You can use the test for continuous data. Your data should be a random sample from a normal population.
If your sample sizes are very small, you might not be able to test for normality. You might need to rely on your understanding of the data. When you cannot safely assume normality, you can perform a nonparametric test that doesn’t assume normality.
The company assumes that from 2016 to 2019, they made an average Sales of approximately 200. Test this hypothesis to determine whether the company management were right on their assumption.

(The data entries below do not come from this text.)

lemma prod_grad_lower_bound: "\<exists>c>0. \<forall>W\<in>net_ball dm L R. c \<le> L2_set (prod_grad W) {..<dm 0}"
proof -
  obtain c where c: "0 < c" "\<And>W r. W \<in> net_ball dm L R \<Longrightarrow> r < n \<Longrightarrow> dl (net_apply dm W L (z r) 0) \<le> - c"
    using dl_output_le_neg by blast
  obtain u where u: "\<And>r. r < n \<Longrightarrow> 0 < (\<Sum>j<dm 0. u j * z r j)"
    using separable by blast
  define \<gamma> where "\<gamma> = Min ((\<lambda>r. \<Sum>j<dm 0. u j * z r j) ` {..<n})"
  have \<gamma>_pos: "0 < \<gamma>"
    unfolding \<gamma>_def using n_pos u by (subst Min_gr_iff) auto
  have \<gamma>_le: "\<gamma> \<le> (\<Sum>j<dm 0. u j * z r j)" if "r < n" for r
    unfolding \<gamma>_def using that by (intro Min_le) auto
  have u_pos: "0 < L2_set u {..<dm 0}"
  proof -
    have "L2_set u {..<dm 0} \<noteq> 0"
    proof
      assume "L2_set u {..<dm 0} = 0"
      then have "\<forall>j\<in>{..<dm 0}. u j = 0"
        by (simp add: L2_set_eq_0_iff)
      then show False
        using u[OF n_pos] by simp
    qed
    then show ?thesis
      using L2_set_nonneg[of u "{..<dm 0}"] by linarith
  qed
  have "c * \<gamma> / L2_set u {..<dm 0} \<le> L2_set (prod_grad W) {..<dm 0}" if W: "W \<in> net_ball dm L R" for W
  proof -
    have "dl (net_apply dm W L (z r) 0) * (\<Sum>j<dm 0. u j * z r j) \<le> - c * \<gamma>" if "r < n" for r
    proof -
      have "dl (net_apply dm W L (z r) 0) * (\<Sum>j<dm 0. u j * z r j) \<le> - c * (\<Sum>j<dm 0. u j * z r j)"
        using c(2)[OF W that] u[OF that] by (intro mult_right_mono) auto
      also have "\<dots> \<le> - c * \<gamma>"
        using \<gamma>_le[OF that] c(1) by simp
      finally show ?thesis .
    qed
    then have "(1 / real n) * (\<Sum>r<n. dl (net_apply dm W L (z r) 0) * (\<Sum>j<dm 0. u j * z r j))
        \<le> (1 / real n) * (\<Sum>r<n. - c * \<gamma>)"
      by (intro mult_left_mono sum_mono) auto
    also have "\<dots> = - c * \<gamma>"
      using n_pos by simp
    also have "(1 / real n) * (\<Sum>r<n. dl (net_apply dm W L (z r) 0) * (\<Sum>j<dm 0. u j * z r j))
        = (\<Sum>b<dm 0. prod_grad W b * u b)"
      unfolding prod_grad_def sum_distrib_left sum_distrib_right
      by (subst sum.swap) (simp add: algebra_simps)
    finally have "c * \<gamma> \<le> \<bar>\<Sum>b<dm 0. prod_grad W b * u b\<bar>"
      by linarith
    also have "\<dots> \<le> L2_set (prod_grad W) {..<dm 0} * L2_set u {..<dm 0}"
      by (rule abs_sum_mult_le_L2_set)
    finally show ?thesis
      using u_pos by (simp add: divide_le_eq)
  qed
  moreover have "0 < c * \<gamma> / L2_set u {..<dm 0}"
    using c(1) \<gamma>_pos u_pos by simp
  ultimately show ?thesis
    by blast
qed

lemma grad_norm_sq_lower_bound:
  assumes "0 < m"
  shows "\<exists>c>0. \<forall>W\<in>net_ball dm L R. (\<exists>r<n. m \<le> net_apply dm W L (z r) 0) \<longrightarrow> c \<le> grad_norm_sq W"
proof -
  obtain c where c: "0 < c" "\<And>W. W \<in> net_ball dm L R \<Longrightarrow> c \<le> L2_set (prod_grad W) {..<dm 0}"
    using prod_grad_lower_bound by blast
  have "(m / R * c)\<^sup>2 \<le> grad_norm_sq W"
    if W: "W \<in> net_ball dm L R" and r: "r < n" "m \<le> net_apply dm W L (z r) 0" for W r
  proof -
    have "m / R \<le> L2_set (\<lambda>a. net_apply_upper dm W L (unit_vec a) 0) {..<dm 1}"
      using net_apply_le_upper[OF W r(1)] r(2) R_ge_1 by (simp add: divide_le_eq mult.commute)
    then have "(m / R * c)\<^sup>2 \<le> (L2_set (\<lambda>a. net_apply_upper dm W L (unit_vec a) 0) {..<dm 1})\<^sup>2
        * (L2_set (prod_grad W) {..<dm 0})\<^sup>2"
      unfolding power_mult_distrib using assms R_ge_1 c(1) c(2)[OF W] by (intro mult_mono power_mono) auto
    also have "\<dots> \<le> grad_norm_sq W"
      by (rule grad_norm_sq_ge_first_layer[OF L_pos])
    finally show ?thesis .
  qed
  moreover have "0 < (m / R * c)\<^sup>2"
    using assms R_ge_1 c(1) by simp
  ultimately show ?thesis
    by blast
qed

lemma betaR_pos: "0 < betaR L R \<beta> G"
  using L_pos R_ge_1 beta_nonneg G_pos unfolding betaR_def by simp

lemma gd_leaves_net_ball:
  assumes gd: "\<And>t k i j. (k, i, j) \<in> param_idx dm L \<Longrightarrow>
      Wt (Suc t) k i j = Wt t k i j - 1 / betaR L R \<beta> G * risk_grad (Wt t) (k, i, j)"
    and risk_0: "risk l n z dm L (Wt 0) \<le> l 0"
    and grad_0: "0 < grad_norm_sq (Wt 0)"
  shows "\<exists>t. Wt t \<notin> net_ball dm L R"
proof (rule ccontr)
  assume "\<not> ?thesis"
  then have bounded: "Wt t \<in> net_ball dm L R" for t
    by blast
  define \<eta> where "\<eta> = 1 / betaR L R \<beta> G"
  have \<eta>: "0 < \<eta>" "\<eta> * betaR L R \<beta> G \<le> 1"
    using betaR_pos by (simp_all add: \<eta>_def)
  have descent: "risk l n z dm L (Wt (Suc t)) \<le> risk l n z dm L (Wt t) - \<eta> / 2 * grad_norm_sq (Wt t)" for t
    using \<eta> gd by (intro gd_step_decrease bounded) (auto simp: \<eta>_def)
  then have "decseq (\<lambda>t. risk l n z dm L (Wt t))"
    using \<eta>(1) by (intro decseq_SucI order_trans[OF descent]) (simp add: grad_norm_sq_nonneg)
  define \<delta> where "\<delta> = l 0 - risk l n z dm L (Wt 1)"
  have "0 < \<delta>"
    using descent[of 0] mult_pos_pos[OF \<eta>(1) grad_0] risk_0 unfolding \<delta>_def by simp
  have "risk l n z dm L (Wt (Suc t)) \<le> l 0 - \<delta>" for t
    using decseqD[OF \<open>decseq _\<close>, of 1 "Suc t"] unfolding \<delta>_def by simp
  then have "\<exists>r<n. \<delta> / G \<le> net_apply dm (Wt (Suc t)) L (z r) 0" for t
    using margin_of_risk_le \<open>0 < \<delta>\<close> by blast
  then obtain c where c: "0 < c" "\<And>t. c \<le> grad_norm_sq (Wt (Suc t))"
    using grad_norm_sq_lower_bound[of "\<delta> / G"] \<open>0 < \<delta>\<close> G_pos bounded by force
  show False
  proof (rule no_uniform_decrease[of "\<lambda>t. risk l n z dm L (Wt (Suc t))" "\<eta> / 2 * c"])
    fix t
    have "\<eta> / 2 * c \<le> \<eta> / 2 * grad_norm_sq (Wt (Suc t))"
      using \<eta>(1) c(2) by (intro mult_left_mono) auto
    then show "risk l n z dm L (Wt (Suc (Suc t))) \<le> risk l n z dm L (Wt (Suc t)) - \<eta> / 2 * c"
      using descent[of "Suc t"] by linarith
  qed (use risk_nonneg \<eta>(1) c(1) in auto)
qed

end

theorem mainTheorem9:
  fixes l dl :: "real \<Rightarrow> real"
    and n d L :: nat
    and dm :: "nat \<Rightarrow> nat"
    and x :: "nat \<Rightarrow> nat \<Rightarrow> real"
    and y :: "nat \<Rightarrow> real"
    and \<beta> G R :: real
    and Wt :: "nat \<Rightarrow> network"
  assumes L_pos: "L \<ge> 1"
    and dims: "dm 0 = d" "dm L = 1" "\<forall>k\<le>L. dm k \<ge> 1"
    and labels: "\<forall>i<n. y i = 1 \<or> y i = -1"
    and x_norm: "\<forall>i<n. sqrt (\<Sum>j<d. (x i j)\<^sup>2) \<le> 1"
    and separable: "\<exists>u :: nat \<Rightarrow> real. \<forall>i<n. (\<Sum>j<d. u j * (y i * x i j)) > 0"
    \<comment> \<open>Assumption 1\<close>
    and A1_deriv: "\<forall>t. (l has_real_derivative dl t) (at t)"
    and A1_cont: "continuous_on UNIV dl"
    and A1_neg: "\<forall>t. dl t < 0"
    and A1_bot: "filterlim l at_top at_bot"
    and A1_top: "(l \<longlongrightarrow> 0) at_top"
    \<comment> \<open>Assumption 4\<close>
    and A4_lip: "\<forall>a b. \<bar>dl a - dl b\<bar> \<le> \<beta> * \<bar>a - b\<bar>"
    and A4_bnd: "\<forall>t. \<bar>dl t\<bar> \<le> G"
    \<comment> \<open>Assumption 2\<close>
    and A2_grad: "\<exists>k\<in>{1..L}. \<exists>i<dm k. \<exists>j<dm (k - 1).
                    grad_entry (risk l n (\<lambda>i j. y i * x i j) dm L) (Wt 0) k i j \<noteq> 0"
    and A2_risk: "risk l n (\<lambda>i j. y i * x i j) dm L (Wt 0) \<le> l 0"
    \<comment> \<open>R \<ge> 1 and gradient descent with step size 1 / beta(R)\<close>
    and R_ge: "R \<ge> 1"
    and GD: "\<forall>t. \<forall>k\<in>{1..L}. \<forall>i<dm k. \<forall>j<dm (k - 1).
               Wt (Suc t) k i j = Wt t k i j - (1 / betaR L R \<beta> G) *
                 grad_entry (risk l n (\<lambda>i j. y i * x i j) dm L) (Wt t) k i j"
  shows "\<exists>t. \<exists>k\<in>{1..L}. frob dm (Wt t) k > R"
proof -
  define z where "z = (\<lambda>i j. y i * x i j)"
  have "L2_set (z r) {..<dm 0} \<le> 1" if "r < n" for r
  proof -
    have "(\<Sum>j<d. (z r j)\<^sup>2) = (\<Sum>j<d. (x r j)\<^sup>2)"
      using labels that unfolding z_def by (auto simp: power_mult_distrib)
    then show ?thesis
      using x_norm that dims(1) unfolding L2_set_def by simp
  qed
  then interpret smooth_linear_net_risk l dl n z dm L \<beta> G R
    using A1_deriv dims A4_lip A4_bnd R_ge by unfold_locales auto
  obtain k i j where kij: "(k, i, j) \<in> param_idx dm L" "risk_grad (Wt 0) (k, i, j) \<noteq> 0"
    using A2_grad[folded z_def] unfolding grad_entry_risk param_idx_def by blast
  then have "0 < n" "0 < grad_norm_sq (Wt 0)"
    unfolding grad_norm_sq_def by (auto simp: risk_grad_def intro!: sum_pos2[OF _ kij(1)])
  interpret separable_linear_net_risk l dl n z dm L \<beta> G R
    using A1_cont A1_neg A1_top L_pos \<open>0 < n\<close> separable dims by unfold_locales (auto simp: z_def)
  have "\<exists>t. Wt t \<notin> net_ball dm L R"
    using GD[folded z_def] A2_risk[folded z_def] \<open>0 < grad_norm_sq (Wt 0)\<close>
    by (intro gd_leaves_net_ball) (auto simp: param_idx_def grad_entry_risk)
  then show ?thesis
    by (auto simp: net_ball_def not_le)
qed

end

t.test(Superstore_data$Sales,mu=200,alternative="two.sided",conf.level=0.95)
##
## One Sample t-test
##
## data: Superstore_data$Sales
## t = 4.7893, df = 9993, p-value = 1.698e-06
## alternative hypothesis: true mean is not equal to 200
## 95 percent confidence interval:
## 217.6375 242.0785
## sample estimates:
## mean of x
## 229.858
In the above output, the p-value of the test is approximately close to 0.0001, which is significantly less than the significance level alpha = 0.05. We will therefore the null hypothesis and conclude that the true of sales from 2016 to 2019 is not equal to 200 at a 5% level of significance given the p-value of approximately 0.0001
The Independent Samples t Test compares the means of two independent groups in order to determine whether there is statistical evidence that the associated population means are significantly different. The Independent Samples t Test is a parametric test.
data22<-Superstore_data %>%
dplyr::select(Region, Sales)%>%
filter(Region == "West"|
Region == "East")
head(data22,5)
t.test(Sales ~ Region,alternative="two.sided",data = data22)
##
## Welch Two Sample t-test
##
## data: Sales by Region
## t = 0.79611, df = 5603.9, p-value = 0.426
## alternative hypothesis: true difference in means between group East and group West is not equal to 0
## 95 percent confidence interval:
## -17.31977 41.00552
## sample estimates:
## mean in group East mean in group West
## 238.3361 226.4932
In the above output, the p-value of the test is 0.426, which is greater than the significance level alpha = 0.05. We can conclude that the true mean difference between sales from West region and East region is equal to zero with a p-value of 0.426 at a 5% level of significance.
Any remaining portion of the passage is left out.